One of the most important things that I knew from folklore was that when dealing with fairies, goblins, and the like, they were probably going to ask for something excessively unreasonable, like my firstborn child or some unspecified thing like “the first thing you see when you leave the room” that was likely going to be something like my cat or my mom, and that agreeing to something like that is a totally rookie mistake. No, I was going to make this bargain on my terms from the start.
That night, after dinner, I went to my room and sat, cross-legged, on the old loveseat I’d commandeered when my parents had gotten a new living room set the year before, facing the bed from the safe distance of across the room.

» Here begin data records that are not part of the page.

(* Let $q$ be a power of an odd prime, $c\in\mathbb{F}_q^*$, $b\in\mathbb{F}_q$ a nonsquare, $\beta\in\mathbb{F}_{q^2}$ with $\beta^2=b$, and $f(X)=c(X^{q+1}+X^2)$ on $\mathbb{F}_{q^2}$. If $\alpha\in\mathbb{F}_{q^2}\setminus\beta\mathbb{F}_q$, where $\beta\mathbb{F}_q=\{y\beta:y\in\mathbb{F}_q\}$, then the number of $\gamma\in\mathbb{F}_{q^2}$ with $f(\gamma)=\alpha$ is either $0$ or $2$. *)

theory Defs
  imports "HOL-Computational_Algebra.Primes"
begin

text \<open>The field with q^2 elements is modelled as a finite field type 'a with CARD('a) = q^2;
  its unique subfield F_q of order q is the set of fixed points of the Frobenius x \<mapsto> x^q.\<close>
definition subfield_Fq :: "nat \<Rightarrow> 'a::{field,finite} set" where
  "subfield_Fq q = {x. x ^ q = x}"

end

theory Submission
  imports Defs "HOL-Number_Theory.Residues"
begin

(* Put a = alpha / c. Since gamma^(q+1) + gamma^2 = gamma * t with t = gamma^q + gamma,
   and t lies in F_q, a solution gamma determines t <> 0 with gamma = a / t; applying the
   Frobenius to gamma * t = a gives a^q = gamma^q * t, hence t^2 = a^q + a. Conversely every
   t in F_q^* with t^2 = a^q + a gives the solution a / t. So the solutions correspond to the
   nonzero square roots of a^q + a in F_q, and these come in pairs +t, -t because the
   characteristic is odd. *)

(* The library version finite_field_power_card_eq_same requires the sort finite_field. *)
lemma power_card_UNIV_eq_same:
  fixes x :: "'a::{field,finite}"
  shows "x ^ card (UNIV :: 'a set) = x"
proof -
  have card_pos: "0 < card (UNIV :: 'a set)"
    by (rule finite_UNIV_card_ge_0) simp
  show ?thesis
  proof (cases "x = 0")
    case False
    define G :: "'a monoid" where "G = \<lparr>carrier = UNIV - {0}, monoid.mult = (*), one = 1\<rparr>"
    have "group G"
    proof (rule groupI)
      show "\<exists>y\<in>carrier G. y \<otimes>\<^bsub>G\<^esub> z = \<one>\<^bsub>G\<^esub>" if "z \<in> carrier G" for z
        using that by (intro bexI[of _ "inverse z"]) (auto simp: G_def)
    qed (auto simp: G_def)
    then have "x [^]\<^bsub>G\<^esub> order G = \<one>\<^bsub>G\<^esub>"
      using False by (intro group.pow_order_eq_1) (auto simp: G_def)
    moreover have "y [^]\<^bsub>G\<^esub> n = y ^ n" for y :: 'a and n
      by (induction n) (simp_all add: G_def)
    moreover have "order G = card (UNIV :: 'a set) - 1"
      by (simp add: order_def G_def card_Diff_singleton)
    ultimately have "x ^ (card (UNIV :: 'a set) - 1) = 1"
      by (simp add: G_def)
    then show ?thesis
      using power_minus_mult[OF card_pos, of x] by simp
  qed (simp add: card_pos)
qed

lemma CHAR_eq_prime_if_card_eq_power:
  assumes "prime p" and "card (UNIV :: 'a::{idom,finite} set) = p ^ n"
  shows "CHAR('a) = p"
proof -
  have "prime CHAR('a)"
    by (intro prime_CHAR_semidom finite_imp_CHAR_pos) simp
  moreover have "CHAR('a) dvd p ^ n"
    using CHAR_dvd_CARD[where ?'a = 'a] assms(2) by simp
  ultimately show ?thesis
    using assms(1) prime_dvd_power primes_dvd_imp_eq by blast
qed

lemma card_square_roots_in_neg_closed_set:
  fixes A :: "'a::idom set"
  assumes "(2::'a) \<noteq> 0" and "0 \<notin> A" and "\<And>t. t \<in> A \<Longrightarrow> -t \<in> A"
  shows "card {t \<in> A. t ^ 2 = s} \<in> {0, 2}"
proof (cases "{t \<in> A. t ^ 2 = s} = {}")
  case False
  then obtain t0 where t0: "t0 \<in> A" "t0 ^ 2 = s"
    by blast
  then have "{t \<in> A. t ^ 2 = s} = {t0, -t0}"
    using assms(3) by (auto simp: power2_eq_iff)
  moreover have "t0 \<noteq> -t0"
  proof
    assume "t0 = -t0"
    then have "2 * t0 = 0"
      by (metis add.right_inverse mult_2)
    then show False
      using assms(1,2) t0(1) by simp
  qed
  ultimately show ?thesis
    by simp
next
  case True
  show ?thesis
    unfolding True by simp
qed

lemma card_mult_trace_eq_card_fixed_square_roots:
  fixes a :: "'a::field"
  assumes frob_add: "\<And>x y :: 'a. (x + y) ^ q = x ^ q + y ^ q"
    and frob_invol: "\<And>x :: 'a. (x ^ q) ^ q = x"
    and "a \<noteq> 0"
  shows "card {\<gamma>. \<gamma> * (\<gamma> ^ q + \<gamma>) = a} = card {t \<in> {t. t ^ q = t} - {0}. t ^ 2 = a ^ q + a}"
    (is "card ?S = card ?T")
proof -
  have trace_inverse: "(a / t) ^ q + a / t = t" if "t \<in> ?T" for t
  proof -
    from that have t: "t ^ q = t" "t \<noteq> 0" "a ^ q + a = t * t"
      by (auto simp: power2_eq_square)
    have "(a / t) ^ q + a / t = (a ^ q + a) / t"
      using t(1) by (simp add: power_divide add_divide_distrib)
    also have "\<dots> = t"
      using t by simp
    finally show ?thesis .
  qed
  have "bij_betw (\<lambda>t. a / t) ?T ?S"
  proof (rule bij_betw_byWitness[where f' = "\<lambda>\<gamma>. \<gamma> ^ q + \<gamma>"])
    show "\<forall>t\<in>?T. (a / t) ^ q + a / t = t"
      using trace_inverse by blast
    show "(\<lambda>t. a / t) ` ?T \<subseteq> ?S"
      using trace_inverse by auto
    show "\<forall>\<gamma>\<in>?S. a / (\<gamma> ^ q + \<gamma>) = \<gamma>"
      using \<open>a \<noteq> 0\<close> by auto
    show "(\<lambda>\<gamma>. \<gamma> ^ q + \<gamma>) ` ?S \<subseteq> ?T"
    proof
      fix t assume "t \<in> (\<lambda>\<gamma>. \<gamma> ^ q + \<gamma>) ` ?S"
      then obtain \<gamma> where \<gamma>: "\<gamma> * t = a" and t: "t = \<gamma> ^ q + \<gamma>"
        by blast
      have "t ^ q = t"
        using t by (simp add: frob_add frob_invol)
      moreover have "t ^ 2 = a ^ q + a"
      proof -
        have "a ^ q = \<gamma> ^ q * t"
          using \<gamma> \<open>t ^ q = t\<close> by (metis power_mult_distrib)
        then show ?thesis
          by (simp add: t \<gamma>[symmetric] power2_eq_square algebra_simps)
      qed
      moreover have "t \<noteq> 0"
        using \<gamma> \<open>a \<noteq> 0\<close> by auto
      ultimately show "t \<in> ?T"
        by simp
    qed
  qed
  then show ?thesis
    by (simp add: bij_betw_same_card)
qed

theorem lemma18:
  fixes p k q :: nat and c b \<beta> \<alpha> :: "'a::{field,finite}"
  assumes "prime p" and "odd p" and "k \<ge> 1" and "q = p ^ k"
    and "card (UNIV :: 'a set) = q ^ 2"
    and "c \<in> subfield_Fq q" and "c \<noteq> 0"
    and "b \<in> subfield_Fq q" and "\<not> (\<exists>y\<in>subfield_Fq q. y ^ 2 = b)"
    and "\<beta> ^ 2 = b"
    and "\<alpha> \<notin> {y * \<beta> | y. y \<in> subfield_Fq q}"
  shows "card {\<gamma>. c * (\<gamma> ^ (q + 1) + \<gamma> ^ 2) = \<alpha>} \<in> {0, 2}"
proof -
  have char: "CHAR('a) = p"
    using assms(1,4,5)
    by (intro CHAR_eq_prime_if_card_eq_power[of p "k * 2"]) (simp_all add: power_mult)
  have frob_add: "(x + y) ^ q = x ^ q + y ^ q" for x y :: 'a
    using freshmans_dream'[of q k x y] assms(1,4) char by simp
  have frob_invol: "(x ^ q) ^ q = x" for x :: 'a
    using power_card_UNIV_eq_same[of x] assms(5) by (simp flip: power_mult add: power2_eq_square)
  have "\<not> p dvd 2"
    using primes_dvd_imp_eq[OF \<open>prime p\<close> two_is_prime_nat] \<open>odd p\<close> by auto
  then have "(2::'a) \<noteq> 0"
    using of_nat_eq_0_iff_char_dvd[of 2, where ?'a = 'a] char by simp
  have "\<alpha> \<noteq> 0"
    using assms(4,11) \<open>prime p\<close> by (auto simp: subfield_Fq_def prime_gt_0_nat)
  have "{\<gamma>. c * (\<gamma> ^ (q + 1) + \<gamma> ^ 2) = \<alpha>} = {\<gamma>. \<gamma> * (\<gamma> ^ q + \<gamma>) = \<alpha> / c}"
    using \<open>c \<noteq> 0\<close> by (auto simp: field_simps power2_eq_square)
  moreover have "card {t \<in> {t. t ^ q = t} - {0}. t ^ 2 = s} \<in> {0, 2}" for s :: 'a
    using \<open>(2::'a) \<noteq> 0\<close> assms(2,4) by (intro card_square_roots_in_neg_closed_set) auto
  ultimately show ?thesis
    using card_mult_trace_eq_card_fixed_square_roots[OF frob_add frob_invol]
      \<open>\<alpha> \<noteq> 0\<close> \<open>c \<noteq> 0\<close> by simp
qed

end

“Okay, monster, let’s talk.” I said, addressing the shadowy recess under the bed. “I have a proposition for you. You and I both know the situation with You Know Who over there. This needs to stop. So, I was thinking that you and I call a truce and instead of trying to lure me out so you can have me for dinner, which has proven wildly unsuccessful after all these years, if I might add, you start protecting me from it. In exchange, you can have whatever finds it ways under the bed, on the condition that it’s not one of my pets, any belongings I actually care about, or something that I’ll get in trouble if it goes missing. The deal is off if you eat something not on the list (if there’s doubt, leave it for 24 hours….if I haven’t claimed it by the next evening, it’s yours), you attempt to eat me, or if it comes after me and you let it. Please let me know by tomorrow, so I know whether or not I need to find…other solutions… Thank you for your time.”

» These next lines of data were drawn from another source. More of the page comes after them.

lemma norm_sandwich_le:
  fixes u x :: "'a::real_normed_algebra"
  assumes "norm u \<le> K"
  shows "norm (u * x * u) \<le> K\<^sup>2 * norm x"
proof -
  have "norm (u * x * u) \<le> norm u * norm x * norm u"
    by (metis norm_mult_ineq mult_right_mono norm_ge_zero order_trans)
  also have "\<dots> \<le> K * norm x * K"
    using assms order_trans[OF norm_ge_zero assms] by (intro mult_mono mult_right_mono) auto
  finally show ?thesis
    by (simp add: power2_eq_square algebra_simps)
qed

lemma tendsto_zero_Bfun_mult:
  fixes f g :: "'i \<Rightarrow> 'a::real_normed_algebra"
  assumes "Bfun f F" and "(g \<longlongrightarrow> 0) F"
  shows "((\<lambda>i. f i * g i) \<longlongrightarrow> 0) F"
  using bounded_bilinear.Bfun_prod_Zfun[OF bounded_bilinear_mult assms(1)] assms(2)
  by (simp add: tendsto_Zfun_iff)

lemma tendsto_zero_mult_Bfun:
  fixes f g :: "'i \<Rightarrow> 'a::real_normed_algebra"
  assumes "(g \<longlongrightarrow> 0) F" and "Bfun f F"
  shows "((\<lambda>i. g i * f i) \<longlongrightarrow> 0) F"
  using bounded_bilinear.Zfun_prod_Bfun[OF bounded_bilinear_mult _ assms(2)] assms(1)
  by (simp add: tendsto_Zfun_iff)

lemma sandwich_tendsto:
  fixes e :: "'i \<Rightarrow> 'a::real_normed_algebra"
  assumes "Bfun e F" and "((\<lambda>i. e i * x) \<longlongrightarrow> x) F" and "((\<lambda>i. x * e i) \<longlongrightarrow> x) F"
  shows "((\<lambda>i. e i * x * e i) \<longlongrightarrow> x) F"
proof -
  have "((\<lambda>i. e i * (x * e i - x) + (e i * x - x)) \<longlongrightarrow> 0) F"
    using assms by (intro tendsto_add_zero tendsto_zero_Bfun_mult LIM_zero)
  moreover have "e i * (x * e i - x) + (e i * x - x) = e i * x * e i - x" for i
    by (simp add: algebra_simps)
  ultimately show ?thesis
    by (simp add: LIM_zero_iff)
qed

The “other solutions” part may have been spoken in such a way as to also imply dealing with removing it from my life, as well as the one in the closet. I wasn’t above subtle threats, as well. I think he appreciated that, to be honest.

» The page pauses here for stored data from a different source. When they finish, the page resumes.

(* Let $k$ be a field of characteristic zero, $S=k[x,y]$, let $a,b$ be positive integers and $J=(x^a,y^b)\subset S$, and let $I$ be a monomial ideal of $S$ with $J\subset I$. Then the graded $S$-module $I/J$ has the strong Lefschetz property.
   Context: $S$ is standard graded. A finite graded $S$-module $M=\bigoplus_i M_i$ has the strong Lefschetz property if there exists a linear form $\ell\in S_1$ such that the multiplication map $\times\ell^d\colon M_i\to M_{i+d}$ has maximal rank (is injective or surjective) for all $d>0$ and all $i$. *)

theory Defs
  imports "HOL-Library.Poly_Mapping" "HOL-Library.Product_Plus"
begin

text \<open>The polynomial ring S = k[x,y]: finitely supported functions from exponent
  pairs (i,j) (standing for the monomial x^i y^j) to k, with convolution product.\<close>

type_synonym 'k poly2 = "(nat \<times> nat) \<Rightarrow>\<^sub>0 'k"

definition mono2 :: "nat \<Rightarrow> nat \<Rightarrow> 'k::comm_ring_1 poly2" where
  "mono2 i j = Poly_Mapping.single (i, j) 1"

definition varx :: "'k::comm_ring_1 poly2" where "varx = mono2 1 0"
definition vary :: "'k::comm_ring_1 poly2" where "vary = mono2 0 1"

definition homog :: "nat \<Rightarrow> 'k::comm_ring_1 poly2 set" where
  "homog n = {p. \<forall>(i, j) \<in> Poly_Mapping.keys p. i + j = n}"

definition ideal_gen :: "'k::comm_ring_1 poly2 set \<Rightarrow> 'k poly2 set" where
  "ideal_gen G = {p. \<exists>F c. finite F \<and> F \<subseteq> G \<and> p = (\<Sum>g\<in>F. c g * g)}"

definition monomial_ideal :: "'k::comm_ring_1 poly2 set \<Rightarrow> bool" where
  "monomial_ideal I \<longleftrightarrow> (\<exists>E. I = ideal_gen ((\<lambda>(i, j). mono2 i j) ` E))"

text \<open>For ideals J \<subseteq> I, the graded module M = I/J has graded pieces
  M_n = (I \<inter> S_n)/(J \<inter> S_n).  Multiplication by ell^d : M_n \<rightarrow> M_(n+d) is injective
  resp. surjective, unfolded on representatives.\<close>
definition mult_inj :: "'k::comm_ring_1 poly2 set \<Rightarrow> 'k poly2 set \<Rightarrow> 'k poly2 \<Rightarrow> nat \<Rightarrow> nat \<Rightarrow> bool" where
  "mult_inj I J ell d n \<longleftrightarrow>
     (\<forall>f \<in> I \<inter> homog n. ell ^ d * f \<in> J \<longrightarrow> f \<in> J)"

definition mult_surj :: "'k::comm_ring_1 poly2 set \<Rightarrow> 'k poly2 set \<Rightarrow> 'k poly2 \<Rightarrow> nat \<Rightarrow> nat \<Rightarrow> bool" where
  "mult_surj I J ell d n \<longleftrightarrow>
     (\<forall>g \<in> I \<inter> homog (n + d). \<exists>f \<in> I \<inter> homog n. g - ell ^ d * f \<in> J)"

definition strong_lefschetz_quot :: "'k::comm_ring_1 poly2 set \<Rightarrow> 'k poly2 set \<Rightarrow> bool" where
  "strong_lefschetz_quot I J \<longleftrightarrow>
     (\<exists>ell \<in> homog 1. \<forall>d > 0. \<forall>n. mult_inj I J ell d n \<or> mult_surj I J ell d n)"

end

That night, I slept better than I had in a long time, as I did for many nights afterward. My bargain had been accepted.
Within a few weeks, I felt comfortable enough to try turning off the night light, and never turned it on again. The monster in the closet still stood in the shadow, but it mostly sulked and tried to loom from a distance, which was reasonable progress and an acceptable compromise. I’d gotten rather used to its presence, to be honest. I still kept my hands and feet from dangling over the edge, because it was best not to tempt my new bodyguard, but I didn’t jump on or off the bed anymore, and made sure to uphold my end of the bargain. I made a habit of thanking him, as well, because manners. Eventually I learned that my monster’s name is Angus, and we became friends. The closet monster moved out, but still pops in to check on me now and then, but it’s mostly out of habit now and not a serious dinner attempt. Angus still hangs around, but he moved out from under the bed years ago and spends most of his time bothering the cats and relaxing.
I still keep my hands and feet on the bed, and I still keep an eye on what goes under the bed, though. A deal is a deal, after all, and it’s best to not break promises made to the things that go bump in the night.
*There’s some debate whether the monster in the closet is the worst, or the monster behind the door. Several informal polls have shown the results so close as to be more or less tied.